[MATERIAL FOR THE TASK — start]

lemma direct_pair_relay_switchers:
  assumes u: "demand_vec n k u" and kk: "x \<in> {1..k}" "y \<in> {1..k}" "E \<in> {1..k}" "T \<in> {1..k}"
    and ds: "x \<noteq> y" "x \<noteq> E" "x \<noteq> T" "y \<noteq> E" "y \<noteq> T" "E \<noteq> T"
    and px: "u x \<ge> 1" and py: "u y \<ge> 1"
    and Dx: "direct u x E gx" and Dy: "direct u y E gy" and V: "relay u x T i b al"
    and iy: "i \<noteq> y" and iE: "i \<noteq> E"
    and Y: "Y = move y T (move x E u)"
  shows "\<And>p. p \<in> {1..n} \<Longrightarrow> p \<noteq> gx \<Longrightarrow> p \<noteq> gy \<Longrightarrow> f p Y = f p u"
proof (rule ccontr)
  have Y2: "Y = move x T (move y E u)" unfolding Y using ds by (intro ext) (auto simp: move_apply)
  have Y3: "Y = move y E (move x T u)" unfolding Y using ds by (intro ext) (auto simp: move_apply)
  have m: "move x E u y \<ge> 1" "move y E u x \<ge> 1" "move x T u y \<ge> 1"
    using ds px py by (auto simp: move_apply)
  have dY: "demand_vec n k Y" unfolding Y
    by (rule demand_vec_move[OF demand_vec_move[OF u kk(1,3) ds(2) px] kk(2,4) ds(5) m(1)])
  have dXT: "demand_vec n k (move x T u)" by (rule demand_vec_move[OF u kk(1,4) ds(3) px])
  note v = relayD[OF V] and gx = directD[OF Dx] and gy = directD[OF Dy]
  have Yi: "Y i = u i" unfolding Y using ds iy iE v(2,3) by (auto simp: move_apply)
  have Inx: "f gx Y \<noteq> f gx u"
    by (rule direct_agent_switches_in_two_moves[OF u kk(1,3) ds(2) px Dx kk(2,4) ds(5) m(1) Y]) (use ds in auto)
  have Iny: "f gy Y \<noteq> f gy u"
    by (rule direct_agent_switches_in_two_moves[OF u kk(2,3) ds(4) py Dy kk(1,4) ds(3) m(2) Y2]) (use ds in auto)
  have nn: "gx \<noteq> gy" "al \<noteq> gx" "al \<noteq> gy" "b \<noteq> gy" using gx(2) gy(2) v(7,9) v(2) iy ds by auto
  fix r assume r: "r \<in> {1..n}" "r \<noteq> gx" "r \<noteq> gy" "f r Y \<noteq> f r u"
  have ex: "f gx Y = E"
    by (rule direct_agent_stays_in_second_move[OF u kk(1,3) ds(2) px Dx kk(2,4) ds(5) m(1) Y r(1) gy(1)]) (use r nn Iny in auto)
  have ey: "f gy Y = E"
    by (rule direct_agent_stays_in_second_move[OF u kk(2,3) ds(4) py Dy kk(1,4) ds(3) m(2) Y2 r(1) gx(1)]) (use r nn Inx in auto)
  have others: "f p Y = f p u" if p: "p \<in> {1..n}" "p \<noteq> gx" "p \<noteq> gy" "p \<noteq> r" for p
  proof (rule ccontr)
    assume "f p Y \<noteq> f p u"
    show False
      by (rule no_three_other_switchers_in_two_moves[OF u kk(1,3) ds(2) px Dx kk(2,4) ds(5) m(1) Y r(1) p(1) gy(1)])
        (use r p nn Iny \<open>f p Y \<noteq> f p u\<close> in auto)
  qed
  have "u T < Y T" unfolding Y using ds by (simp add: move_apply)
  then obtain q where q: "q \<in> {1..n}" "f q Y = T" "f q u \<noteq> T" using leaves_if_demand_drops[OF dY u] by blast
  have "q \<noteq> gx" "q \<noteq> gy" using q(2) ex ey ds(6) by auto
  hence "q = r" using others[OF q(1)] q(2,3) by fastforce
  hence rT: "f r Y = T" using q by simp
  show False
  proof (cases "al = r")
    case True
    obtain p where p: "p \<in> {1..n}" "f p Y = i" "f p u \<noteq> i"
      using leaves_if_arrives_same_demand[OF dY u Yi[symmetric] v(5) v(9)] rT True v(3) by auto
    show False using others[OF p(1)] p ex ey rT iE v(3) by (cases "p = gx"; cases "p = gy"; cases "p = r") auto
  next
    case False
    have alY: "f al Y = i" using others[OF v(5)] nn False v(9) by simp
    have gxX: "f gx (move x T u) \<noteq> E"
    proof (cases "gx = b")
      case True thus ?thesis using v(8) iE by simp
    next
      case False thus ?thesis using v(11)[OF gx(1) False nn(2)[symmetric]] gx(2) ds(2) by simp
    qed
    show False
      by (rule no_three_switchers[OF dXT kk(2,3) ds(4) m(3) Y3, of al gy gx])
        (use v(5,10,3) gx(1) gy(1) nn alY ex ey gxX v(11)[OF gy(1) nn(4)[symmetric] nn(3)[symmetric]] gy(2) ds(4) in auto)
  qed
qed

[MATERIAL FOR THE TASK — finish]
[MATERIAL FOR THE TASK — start]

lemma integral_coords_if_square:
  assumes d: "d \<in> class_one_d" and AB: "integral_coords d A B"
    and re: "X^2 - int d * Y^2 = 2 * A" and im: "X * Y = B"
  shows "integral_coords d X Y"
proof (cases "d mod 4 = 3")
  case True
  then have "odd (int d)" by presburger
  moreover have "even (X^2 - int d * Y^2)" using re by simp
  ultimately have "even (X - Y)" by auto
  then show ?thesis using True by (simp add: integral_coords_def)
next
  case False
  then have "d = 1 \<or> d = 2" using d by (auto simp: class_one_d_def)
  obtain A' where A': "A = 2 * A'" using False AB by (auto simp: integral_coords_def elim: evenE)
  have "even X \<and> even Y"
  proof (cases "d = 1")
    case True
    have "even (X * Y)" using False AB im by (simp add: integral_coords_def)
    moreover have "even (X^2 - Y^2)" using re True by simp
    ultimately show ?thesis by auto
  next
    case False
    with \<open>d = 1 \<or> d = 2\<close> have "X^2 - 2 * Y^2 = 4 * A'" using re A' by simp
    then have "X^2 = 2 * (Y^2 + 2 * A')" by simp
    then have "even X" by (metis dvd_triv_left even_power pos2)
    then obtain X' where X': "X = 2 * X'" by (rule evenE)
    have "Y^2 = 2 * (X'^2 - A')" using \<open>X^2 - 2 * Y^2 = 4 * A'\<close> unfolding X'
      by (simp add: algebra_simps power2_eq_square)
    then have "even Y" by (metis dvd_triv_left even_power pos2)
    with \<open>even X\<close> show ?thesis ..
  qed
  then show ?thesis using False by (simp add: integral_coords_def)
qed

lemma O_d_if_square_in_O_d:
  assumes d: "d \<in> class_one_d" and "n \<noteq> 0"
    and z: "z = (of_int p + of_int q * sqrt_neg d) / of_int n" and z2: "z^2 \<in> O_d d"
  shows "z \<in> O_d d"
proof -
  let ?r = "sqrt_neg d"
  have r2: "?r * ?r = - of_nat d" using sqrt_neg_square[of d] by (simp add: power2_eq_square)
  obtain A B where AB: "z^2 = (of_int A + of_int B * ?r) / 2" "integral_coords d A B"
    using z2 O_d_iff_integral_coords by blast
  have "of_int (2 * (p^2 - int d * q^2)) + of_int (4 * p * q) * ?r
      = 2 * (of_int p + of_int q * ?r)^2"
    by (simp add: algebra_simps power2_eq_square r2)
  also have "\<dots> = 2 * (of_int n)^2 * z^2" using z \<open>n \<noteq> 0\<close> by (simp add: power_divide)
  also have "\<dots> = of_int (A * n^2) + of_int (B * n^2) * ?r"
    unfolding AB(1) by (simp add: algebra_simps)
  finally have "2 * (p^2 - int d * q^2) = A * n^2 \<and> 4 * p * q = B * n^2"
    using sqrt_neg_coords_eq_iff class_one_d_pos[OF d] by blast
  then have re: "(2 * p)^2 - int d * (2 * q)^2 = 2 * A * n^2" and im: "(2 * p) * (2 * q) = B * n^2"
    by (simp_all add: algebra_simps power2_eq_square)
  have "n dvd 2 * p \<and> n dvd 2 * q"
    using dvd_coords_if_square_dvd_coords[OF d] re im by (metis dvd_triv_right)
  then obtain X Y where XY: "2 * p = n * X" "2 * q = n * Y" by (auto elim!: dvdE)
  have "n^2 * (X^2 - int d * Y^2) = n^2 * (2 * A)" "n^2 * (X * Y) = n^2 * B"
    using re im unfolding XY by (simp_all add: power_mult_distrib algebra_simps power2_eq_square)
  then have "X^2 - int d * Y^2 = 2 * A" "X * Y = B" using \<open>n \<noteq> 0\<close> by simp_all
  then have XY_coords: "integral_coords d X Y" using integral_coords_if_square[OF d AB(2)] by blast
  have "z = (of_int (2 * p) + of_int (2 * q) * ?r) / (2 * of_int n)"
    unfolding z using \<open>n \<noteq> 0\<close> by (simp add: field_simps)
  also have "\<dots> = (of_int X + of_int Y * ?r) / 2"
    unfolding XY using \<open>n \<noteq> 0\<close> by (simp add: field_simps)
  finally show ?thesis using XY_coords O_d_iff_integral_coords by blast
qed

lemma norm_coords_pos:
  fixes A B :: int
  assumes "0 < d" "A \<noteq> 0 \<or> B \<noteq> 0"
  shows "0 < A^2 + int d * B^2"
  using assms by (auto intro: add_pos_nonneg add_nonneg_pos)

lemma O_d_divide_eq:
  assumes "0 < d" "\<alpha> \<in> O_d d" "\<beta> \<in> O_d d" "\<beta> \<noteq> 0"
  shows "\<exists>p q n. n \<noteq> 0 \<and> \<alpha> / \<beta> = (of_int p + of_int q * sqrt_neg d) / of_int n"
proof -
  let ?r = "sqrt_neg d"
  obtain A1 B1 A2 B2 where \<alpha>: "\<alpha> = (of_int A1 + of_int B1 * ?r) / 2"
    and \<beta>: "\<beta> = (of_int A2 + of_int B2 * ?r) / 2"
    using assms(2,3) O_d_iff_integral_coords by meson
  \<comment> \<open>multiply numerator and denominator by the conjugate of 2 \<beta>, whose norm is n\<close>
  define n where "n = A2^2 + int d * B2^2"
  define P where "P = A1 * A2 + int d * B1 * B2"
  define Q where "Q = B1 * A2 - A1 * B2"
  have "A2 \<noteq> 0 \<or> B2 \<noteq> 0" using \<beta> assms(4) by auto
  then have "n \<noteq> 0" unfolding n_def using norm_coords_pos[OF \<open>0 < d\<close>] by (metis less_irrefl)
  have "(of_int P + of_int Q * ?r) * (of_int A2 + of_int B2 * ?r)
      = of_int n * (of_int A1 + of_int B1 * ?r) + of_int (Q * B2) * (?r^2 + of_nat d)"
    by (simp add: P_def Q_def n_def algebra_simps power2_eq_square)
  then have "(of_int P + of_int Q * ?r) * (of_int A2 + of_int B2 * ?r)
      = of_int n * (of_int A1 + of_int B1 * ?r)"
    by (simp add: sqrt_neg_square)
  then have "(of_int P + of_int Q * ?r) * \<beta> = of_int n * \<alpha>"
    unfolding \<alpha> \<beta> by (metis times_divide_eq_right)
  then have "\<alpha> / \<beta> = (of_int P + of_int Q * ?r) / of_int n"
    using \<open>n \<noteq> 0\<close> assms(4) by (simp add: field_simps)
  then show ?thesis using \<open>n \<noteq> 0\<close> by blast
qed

[MATERIAL FOR THE TASK — finish]

| EXERCISE DIRECTIONS |
Word for word, restate the lines of the data above that fall between the line holding "gy Y \<noteq>" and the line holding "iy ds by auto", inclusive, and no other lines.

| EXERCISE RESPONSE |
  have Iny: "f gy Y \<noteq> f gy u"
    by (rule direct_agent_switches_in_two_moves[OF u kk(2,3) ds(4) py Dy kk(1,4) ds(3) m(2) Y2]) (use ds in auto)
  have nn: "gx \<noteq> gy" "al \<noteq> gx" "al \<noteq> gy" "b \<noteq> gy" using gx(2) gy(2) v(7,9) v(2) iy ds by auto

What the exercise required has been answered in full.